TASK DETAILS:
Only those lines in the data below from the line containing "by (simp add: coeff_odd_cos_poly Suc" through the line containing "n))) ?s * cos t", both included, should be restated word for word.

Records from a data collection
definition odd_cos_poly :: "nat \<Rightarrow> real poly" where
  "odd_cos_poly n = (\<Sum>m\<le>n. monom ((-4) ^ m * real ((n + m) choose (2 * m))) m)"

lemma coeff_odd_cos_poly: "coeff (odd_cos_poly n) m = (-4) ^ m * real ((n + m) choose (2 * m))"
  by (cases "m \<le> n") (simp_all add: odd_cos_poly_def coeff_sum)

lemma degree_odd_cos_poly: "degree (odd_cos_poly n) \<le> n"
  by (rule degree_le) (simp add: coeff_odd_cos_poly)

lemma odd_cos_poly_Suc_Suc:
  "odd_cos_poly (Suc (Suc n)) = [:2, -4:] * odd_cos_poly (Suc n) - odd_cos_poly n"
proof (rule poly_eqI)
  fix m
  show "coeff (odd_cos_poly (Suc (Suc n))) m = coeff ([:2, -4:] * odd_cos_poly (Suc n) - odd_cos_poly n) m"
  proof (cases m)
    case 0
    then show ?thesis
      by (simp add: coeff_odd_cos_poly)
  next
    case (Suc j)
    define a where "a = n + j + 1"
    have "(Suc (Suc a) choose Suc (Suc (2 * j))) + (a choose Suc (Suc (2 * j)))
            = 2 * (Suc a choose Suc (Suc (2 * j))) + (a choose (2 * j))"
      by (simp add: binomial_Suc_Suc)
    then have "real (Suc (Suc a) choose Suc (Suc (2 * j))) + real (a choose Suc (Suc (2 * j)))
            = 2 * real (Suc a choose Suc (Suc (2 * j))) + real (a choose (2 * j))"
      by (metis of_nat_add of_nat_mult of_nat_numeral)
    then show ?thesis
      by (simp add: coeff_odd_cos_poly Suc a_def algebra_simps)
  qed
qed

lemma poly_odd_cos_poly_sin_sq: "poly (odd_cos_poly n) (sin t ^ 2) * cos t = cos ((2 * real n + 1) * t)"
proof (induction n rule: induct_nat_012)
  case 0
  then show ?case
    by (simp add: odd_cos_poly_def)
next
  case 1
  have "poly (odd_cos_poly 1) y = 1 - 4 * y" for y
    by (simp add: odd_cos_poly_def poly_monom numeral_2_eq_2)
  then have "poly (odd_cos_poly 1) (sin t ^ 2) * cos t = (1 - 4 * (1 - cos t ^ 2)) * cos t"
    by (simp add: sin_squared_eq)
  also have "\<dots> = cos (3 * t)"
    unfolding cos_treble_cos by (simp add: power3_eq_cube power2_eq_square algebra_simps)
  finally show ?case
    by simp
next
  case (ge2 n)
  let ?s = "sin t ^ 2"
  have "poly (odd_cos_poly (Suc (Suc n))) ?s * cos t
          = 2 * (1 - 2 * ?s) * (poly (odd_cos_poly (Suc n)) ?s * cos t) - poly (odd_cos_poly n) ?s * cos t"
    by (simp add: odd_cos_poly_Suc_Suc algebra_simps)
  also have "\<dots> = 2 * cos (2 * t) * cos ((2 * real n + 3) * t) - cos ((2 * real n + 1) * t)"
    using ge2.IH by (simp add: cos_double_sin add.commute add.left_commute)
  also have "\<dots> = cos ((2 * real n + 5) * t)"
    using cos_times_cos[of "(2 * real n + 3) * t" "2 * t"] by (simp add: algebra_simps)
  finally show ?case
    by (simp add: algebra_simps)
qed
lemma starw_leading_monomial:
  assumes star: "is_star_product c Pis" and "P1 Pis"
  shows "leading_monomial (mset u) (starw Pis u)"
proof (induction u rule: induct_list012)
  case 1
  show ?case by (simp add: leading_monomial_def polyser_def const_ser_def mono_empty poly_le_zero)
next
  case (2 i)
  show ?case by (simp add: leading_monomial_def polyser_def coord_eq_mono poly_le_zero)
next
  case (3 i j w)
  define u where "u = j # w"
  define b where "b = starw Pis u"
  define r where "r = (\<lambda>k x. b k x - const_ser (mono (mset u)) k x)"
  let ?L = "int (length u)"
  from "3.IH"(2) have r_deg: "poly_le (?L - 1) (r k)" for k
    by (simp add: leading_monomial_def polyser_def r_def b_def u_def)
  from "3.IH"(2) have b_deg: "poly_le ?L (b k)" for k
    using leading_monomial_imp_polyser by (fastforce simp: polyser_def b_def u_def)
  have bidiff: "\<forall>j. bidiff_op (Pis j)" using star by (simp add: is_star_product_def)
  have coord_deg: "poly_le (int 1) (coord i)" unfolding coord_eq_mono by (rule poly_le_monomial) simp
  have "starw Pis (i # u) k x - const_ser (mono (mset (i # u))) k x =
        x $ i * r k x + (\<Sum>l\<in>{1..k}. Pis l (coord i) (b (k - l)) x)" for k x
  proof -
    have "starw Pis (i # u) k x = (\<Sum>l\<le>k. Pis l (coord i) (b (k - l)) x)"
      using star_of_const_ser_left[OF bidiff poly_le_smooth[OF b_deg]] by (simp add: u_def b_def)
    also have "\<dots> = Pis 0 (coord i) (b k) x + (\<Sum>l\<in>{1..k}. Pis l (coord i) (b (k - l)) x)"
      by (simp add: atMost_atLeast0 sum.atLeast_Suc_atMost)
    also have "Pis 0 (coord i) (b k) x = x $ i * b k x"
      using star poly_le_smooth[OF coord_deg] poly_le_smooth[OF b_deg]
      by (simp add: is_star_product_def coord_def)
    finally show ?thesis
      by (simp add: r_def const_ser_def mono_add_mset algebra_simps)
  qed
  moreover have "poly_le ?L (\<lambda>x. x $ i * r k x + (\<Sum>l\<in>{1..k}. Pis l (coord i) (b (k - l)) x))" for k
    using poly_le_coord_mult[OF r_deg]
      P1_poly_le_higher_order[OF bidiff \<open>P1 Pis\<close> coord_deg b_deg]
    by (intro poly_le_add poly_le_sum) auto
  ultimately show ?case by (simp add: leading_monomial_def polyser_def u_def)
qed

EXPECTED ANSWER:
      by (simp add: coeff_odd_cos_poly Suc a_def algebra_simps)
  qed
qed

lemma poly_odd_cos_poly_sin_sq: "poly (odd_cos_poly n) (sin t ^ 2) * cos t = cos ((2 * real n + 1) * t)"
proof (induction n rule: induct_nat_012)
  case 0
  then show ?case
    by (simp add: odd_cos_poly_def)
next
  case 1
  have "poly (odd_cos_poly 1) y = 1 - 4 * y" for y
    by (simp add: odd_cos_poly_def poly_monom numeral_2_eq_2)
  then have "poly (odd_cos_poly 1) (sin t ^ 2) * cos t = (1 - 4 * (1 - cos t ^ 2)) * cos t"
    by (simp add: sin_squared_eq)
  also have "\<dots> = cos (3 * t)"
    unfolding cos_treble_cos by (simp add: power3_eq_cube power2_eq_square algebra_simps)
  finally show ?case
    by simp
next
  case (ge2 n)
  let ?s = "sin t ^ 2"
  have "poly (odd_cos_poly (Suc (Suc n))) ?s * cos t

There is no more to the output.